La force de ce langage calme la nervosité de Vernois mais ne vainc pas son entêtement :

— Il n’en résulte pas moins qu’Heuland a eu tort de mourir.

Dans l’intransigeance du jeune homme, tout n’est pas pour déplaire à son ancien chef.

— On a souvent raison d’avoir tort, mon ami. C'est moins simple qu’il ne paraît d’abord. Vous avez 28 ans ? 30 ans ? Tant mieux si vous raisonnez moins sèchement qu’on ne fait à mon âge. Admettons que je n’aie rien dit, voulez-vous ? Et prenons date pour une visite à ma nièce.

— Je crains qu’il ne me faille repartir dès demain, mon général.

— Drôle de garçon ! Vous aviez parlé de rester quinze jours. Enfin, si vous changez une seconde fois d’avis, vous saurez où me rencontrer. Bonsoir.
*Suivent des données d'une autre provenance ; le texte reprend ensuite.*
(* Let $n=p_1^{\alpha_1}p_2^{\alpha_2}p_3^{\alpha_3}$, where $\alpha_1,\alpha_2,\alpha_3$ are positive integers and $p_1<p_2<p_3$ are primes. Let $i,j\in\{1,2,3\}$ with $i<j$. If $1\leq\beta_i\leq\alpha_i$ and $2\leq\beta_j\leq\alpha_j$, then $\deg(p_i^{\beta_i}p_j^{\beta_j})>\deg(p_i^{\beta_i-1}p_j^{\beta_j})$ in $\mathcal{P}(C_n)$.
   Context: For a finite group $G$, the power graph $\mathcal{P}(G)$ is the simple undirected graph with vertex set $G$ in which two distinct vertices are adjacent if one is an integral power of the other. $C_n$ denotes the cyclic group of order $n$, identified with $\mathbb{Z}_n=\{0,1,\ldots,n-1\}$, so a positive divisor $d$ of $n$ is regarded as the element $d\bmod n\in\mathbb{Z}_n$. $\deg(a)$ is the degree of vertex $a$ in $\mathcal{P}(C_n)$. *)

theory Defs
  imports "HOL-Computational_Algebra.Primes"
begin

text \<open>Cyclic group C_n identified with Z_n = {0,...,n-1} (additive).
  b is an integral power of a iff b = k*a mod n for some integer k.\<close>

definition pg_adj :: "nat \<Rightarrow> nat \<Rightarrow> nat \<Rightarrow> bool" where
  "pg_adj n a b \<longleftrightarrow> a \<noteq> b \<and>
     ((\<exists>k::int. int b = (k * int a) mod int n) \<or> (\<exists>k::int. int a = (k * int b) mod int n))"

definition pg_deg :: "nat \<Rightarrow> nat \<Rightarrow> nat" where
  "pg_deg n a = card {b \<in> {0..<n}. pg_adj n a b}"
lemma coboundary_defect_in_l2:
  assumes g: "g \<in> carrier (lamplighter H)" and v: "v \<in> l2 I"
  shows "(\<lambda>i. lamp_cocycle g i - (lamp_rep g v i - v i)) \<in> l2 I"
proof -
  obtain f h where gfh: "g = (f, h)" and h: "h \<in> carrier H" using g by (auto simp: lamplighter_carrier)
  have b: "lamp_cocycle g \<in> l2 I"
    using cocycle_lamp_cocycle g by (simp add: cocycle_def)
  have "(\<lambda>i. 1 * lamp_rep g v i + (-1) * v i) \<in> l2 I"
    unfolding gfh by (intro l2_lincomb lamp_rep_in_l2 h v)
  from l2_lincomb[OF b this, of 1 "-1"] show ?thesis by (simp add: algebra_simps)
qed

lemma coboundary_defect_switch_one:
  assumes v: "v \<in> l2 I"
  shows "2 * cmod (v (enc \<one>) - 1)
    \<le> l2norm I (\<lambda>i. lamp_cocycle ((\<lambda>x. x = \<one>), \<one>) i - (lamp_rep ((\<lambda>x. x = \<one>), \<one>) v i - v i))"
proof -
  have g: "((\<lambda>x. x = \<one>), \<one>) \<in> carrier (lamplighter H)"
    by (simp add: lamplighter_carrier)
  have eq: "lamp_cocycle ((\<lambda>x. x = \<one>), \<one>) (enc \<one>) - (lamp_rep ((\<lambda>x. x = \<one>), \<one>) v (enc \<one>) - v (enc \<one>))
      = 2 * (v (enc \<one>) - 1)"
    by (simp add: lamp_cocycle_def lamp_sign_def)
  have "2 * cmod (v (enc \<one>) - 1) = cmod (2 * (v (enc \<one>) - 1))"
    by (simp only: norm_mult) simp
  also have "\<dots> = cmod (lamp_cocycle ((\<lambda>x. x = \<one>), \<one>) (enc \<one>) - (lamp_rep ((\<lambda>x. x = \<one>), \<one>) v (enc \<one>) - v (enc \<one>)))"
    by (simp only: eq)
  also have "\<dots> \<le> l2norm I (\<lambda>i. lamp_cocycle ((\<lambda>x. x = \<one>), \<one>) i - (lamp_rep ((\<lambda>x. x = \<one>), \<one>) v i - v i))"
    by (rule norm_le_l2norm[OF coboundary_defect_in_l2[OF g v]]) simp
  finally show ?thesis .
qed

lemma summable_Re_sq: "v \<in> l2 I \<Longrightarrow> (\<lambda>x. (Re (v (enc x)))\<^sup>2) summable_on carrier H"
  by (rule summable_on_comparison_test[OF summable_on_carrier_if_l2]) (auto simp: cmod_power2)

lemma coboundary_defect_translate:
  assumes h: "h \<in> carrier H" and v: "v \<in> l2 I"
  shows "(\<lambda>x. (Re (v (enc (inv h \<otimes> x))) - Re (v (enc x)))\<^sup>2) summable_on carrier H"
    and "infsum (\<lambda>x. (Re (v (enc (inv h \<otimes> x))) - Re (v (enc x)))\<^sup>2) (carrier H)
      \<le> (l2norm I (\<lambda>i. lamp_cocycle (\<lambda>_. False, h) i - (lamp_rep (\<lambda>_. False, h) v i - v i)))\<^sup>2"
proof -
  define D where "D = (\<lambda>i. lamp_cocycle (\<lambda>_. False, h) i - (lamp_rep (\<lambda>_. False, h) v i - v i))"
  have D: "(\<lambda>x. (cmod (D (enc x)))\<^sup>2) summable_on carrier H"
    unfolding D_def using h
    by (intro summable_on_carrier_if_l2 coboundary_defect_in_l2 v) (auto simp: lamplighter_carrier)
  have le: "(Re (v (enc (inv h \<otimes> x))) - Re (v (enc x)))\<^sup>2 \<le> (cmod (D (enc x)))\<^sup>2" if "x \<in> carrier H" for x
  proof -
    have "D (enc x) = - (v (enc (inv h \<otimes> x)) - v (enc x))"
      using that by (simp add: D_def lamp_cocycle_def lamp_sign_def)
    thus ?thesis by (simp add: cmod_power2 power2_commute[of "Re (v (enc x))"])
  qed
  show summ: "(\<lambda>x. (Re (v (enc (inv h \<otimes> x))) - Re (v (enc x)))\<^sup>2) summable_on carrier H"
    by (rule summable_on_comparison_test[OF D]) (use le in auto)
  have "infsum (\<lambda>x. (Re (v (enc (inv h \<otimes> x))) - Re (v (enc x)))\<^sup>2) (carrier H)
      \<le> infsum (\<lambda>x. (cmod (D (enc x)))\<^sup>2) (carrier H)"
    by (rule infsum_mono[OF summ D le])
  also have "\<dots> = (l2norm I D)\<^sup>2"
    unfolding l2norm_eq_infsum_carrier by (simp add: infsum_nonneg)
  finally show "infsum (\<lambda>x. (Re (v (enc (inv h \<otimes> x))) - Re (v (enc x)))\<^sup>2) (carrier H) \<le> (l2norm I D)\<^sup>2" .
qed

end

section \<open>Nonvanishing reduced cohomology for transient H\<close>

locale transient_lamplighter = symmetric_random_walk H S + lamplighter_rep H
  for H :: "('a, 'b) monoid_scheme" (structure) and S +
  assumes transient: "summable (\<lambda>n. walk_prob n \<one>)"
begin

lemma dirichlet_Re_le_defect:
  assumes v: "v \<in> l2 I" and s: "s \<in> S"
  shows "(\<lambda>x. (grad s (\<lambda>x. Re (v (enc x))) x)\<^sup>2) summable_on carrier H"
    and "dot (grad s (\<lambda>x. Re (v (enc x)))) (grad s (\<lambda>x. Re (v (enc x))))
      \<le> (l2norm I (\<lambda>i. lamp_cocycle (\<lambda>_. False, s) i - (lamp_rep (\<lambda>_. False, s) v i - v i)))\<^sup>2"
proof -
  have sc: "s \<in> carrier H" using s S_subset by auto
  show "(\<lambda>x. (grad s (\<lambda>x. Re (v (enc x))) x)\<^sup>2) summable_on carrier H"
    using coboundary_defect_translate(1)[OF sc v] by (simp add: grad_def)
  show "dot (grad s (\<lambda>x. Re (v (enc x)))) (grad s (\<lambda>x. Re (v (enc x))))
      \<le> (l2norm I (\<lambda>i. lamp_cocycle (\<lambda>_. False, s) i - (lamp_rep (\<lambda>_. False, s) v i - v i)))\<^sup>2"
    using coboundary_defect_translate(2)[OF sc v] by (simp add: dot_def grad_def power2_eq_square)
qed

lemma Re_at_one_le_defect:
  assumes v: "v \<in> l2 I"
    and defect: "\<And>s. s \<in> S \<Longrightarrow>
      l2norm I (\<lambda>i. lamp_cocycle (\<lambda>_. False, s) i - (lamp_rep (\<lambda>_. False, s) v i - v i)) \<le> \<delta>"
  shows "\<bar>Re (v (enc \<one>))\<bar> \<le> \<delta> * sqrt deg * sqrt ((\<Sum>n. walk_prob n \<one>) / (2 * deg))"
proof -
  let ?w = "\<lambda>x. Re (v (enc x))"
  have green: "(\<Sum>n. walk_prob n \<one>) \<ge> 0"
    by (rule suminf_nonneg[OF transient walk_prob_nonneg])
  obtain s0 where "s0 \<in> S" using S_nonempty by blast
  hence \<delta>: "\<delta> \<ge> 0" using defect l2norm_nonneg order_trans by blast
  have dirichlet: "dot (grad s ?w) (grad s ?w) \<le> \<delta>\<^sup>2" if "s \<in> S" for s
    using dirichlet_Re_le_defect(2)[OF v that] power_mono[OF defect[OF that] l2norm_nonneg, of 2] by linarith
  have "\<bar>?w \<one>\<bar> \<le> sqrt (\<Sum>s\<in>S. dot (grad s ?w) (grad s ?w)) * sqrt ((\<Sum>n. walk_prob n \<one>) / (2 * deg))"
    by (intro capacity_ineq transient summable_Re_sq v dirichlet_Re_le_defect(1))
  also have "\<dots> \<le> sqrt (deg * \<delta>\<^sup>2) * sqrt ((\<Sum>n. walk_prob n \<one>) / (2 * deg))"
    using dirichlet sum_mono[of S "\<lambda>s. dot (grad s ?w) (grad s ?w)" "\<lambda>_. \<delta>\<^sup>2"] green deg_pos
    by (intro mult_right_mono real_sqrt_le_mono) (auto simp: deg_def)
  also have "\<dots> = \<delta> * sqrt deg * sqrt ((\<Sum>n. walk_prob n \<one>) / (2 * deg))"
    using \<delta> deg_pos by (simp add: real_sqrt_mult)
  finally show ?thesis .
qed

lemma lamp_cocycle_not_in_closure: "\<not> in_closure_coboundaries (lamplighter H) I lamp_rep lamp_cocycle"
proof
  assume closure: "in_closure_coboundaries (lamplighter H) I lamp_rep lamp_cocycle"
  define K where "K = sqrt deg * sqrt ((\<Sum>n. walk_prob n \<one>) / (2 * deg))"
  define \<epsilon> where "\<epsilon> = 1 / (1 + K)"
  have K: "K \<ge> 0"
    unfolding K_def using deg_pos suminf_nonneg[OF transient walk_prob_nonneg] by simp
  hence \<epsilon>: "\<epsilon> > 0" "\<epsilon> * (1 + K) = 1" by (auto simp: \<epsilon>_def)
  define switch_one where "switch_one = ((\<lambda>x. x = \<one>), \<one>)"
  define F where "F = insert switch_one ((\<lambda>s. ((\<lambda>_. False), s)) ` S)"
  have "finite F \<and> F \<subseteq> carrier (lamplighter H)"
    using finite_S S_subset by (auto simp: F_def switch_one_def lamplighter_carrier)
  hence "\<exists>v\<in>l2 I. \<forall>g\<in>F. l2norm I (\<lambda>i. lamp_cocycle g i - (lamp_rep g v i - v i)) < \<epsilon>"
    using closure \<epsilon>(1) unfolding in_closure_coboundaries_def by simp
  then obtain v where v: "v \<in> l2 I"
    and close: "\<And>g. g \<in> F \<Longrightarrow> l2norm I (\<lambda>i. lamp_cocycle g i - (lamp_rep g v i - v i)) < \<epsilon>"
    by blast
  have "2 * \<bar>Re (v (enc \<one>)) - 1\<bar> \<le> 2 * cmod (v (enc \<one>) - 1)"
    using abs_Re_le_cmod[of "v (enc \<one>) - 1"] by simp
  also have "\<dots> < \<epsilon>"
    using coboundary_defect_switch_one[OF v] close[of switch_one] by (simp add: F_def switch_one_def)
  finally have "1 - \<epsilon> / 2 < Re (v (enc \<one>))" by (simp add: abs_if split: if_splits)
  moreover have "\<bar>Re (v (enc \<one>))\<bar> \<le> \<epsilon> * K"
    unfolding K_def mult.assoc[symmetric]
    by (rule Re_at_one_le_defect[OF v]) (use close in \<open>auto simp: F_def less_imp_le\<close>)
  ultimately show False using \<epsilon> K by (simp add: algebra_simps)
qed

end

theorem proposition4p1:
  fixes H :: "('a, 'b) monoid_scheme"
  assumes "group H"
    and "finitely_generated H"
    and "srw_transient H"
  shows "\<not> has_HFD (lamplighter H)"
proof -
  obtain S where S: "finite S" "S \<noteq> {}" "S \<subseteq> carrier H" "\<forall>s\<in>S. inv\<^bsub>H\<^esub> s \<in> S"
    "generate H S = carrier H" "summable (return_prob H S)"
    using assms(3) unfolding srw_transient_def by blast
  interpret symmetric_random_walk H S
    by (intro symmetric_random_walk.intro symmetric_random_walk_axioms.intro assms(1)) (use S in auto)
  interpret transient_lamplighter H S
    by unfold_locales (use countable_generate S walk_prob_one in auto)
  show ?thesis
    unfolding has_HFD_def nonzero_reduced_H1_def
    using unitary_rep_lamp_rep cocycle_lamp_cocycle lamp_cocycle_not_in_closure
      no_fd_subrep_lamp_rep[OF infinite_carrier_if_transient[OF transient]]
    by blast
qed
Chagrin, Vernois ne va même pas jusqu’au prochain banc, mais s’assied à l’endroit où il se trouve, sur le bord du môle, les jambes ballantes, les regards tournés vers l’eau noire où danse le reflet d’une lanterne. Il sursaute en s’apercevant qu’il est observé depuis un moment déjà et que la jupe blanche de Mlle  Gassin est arrêtée à deux pas de lui.

— Il vous a condamné aux arrêts de rigueur ? Il vous a défendu de me parler ? Il vous a dit du mal de moi ? Enfin que vous a-t-il fait pour vous plonger dans une pareille mélancolie ? Peut-on s’asseoir à côté de vous ?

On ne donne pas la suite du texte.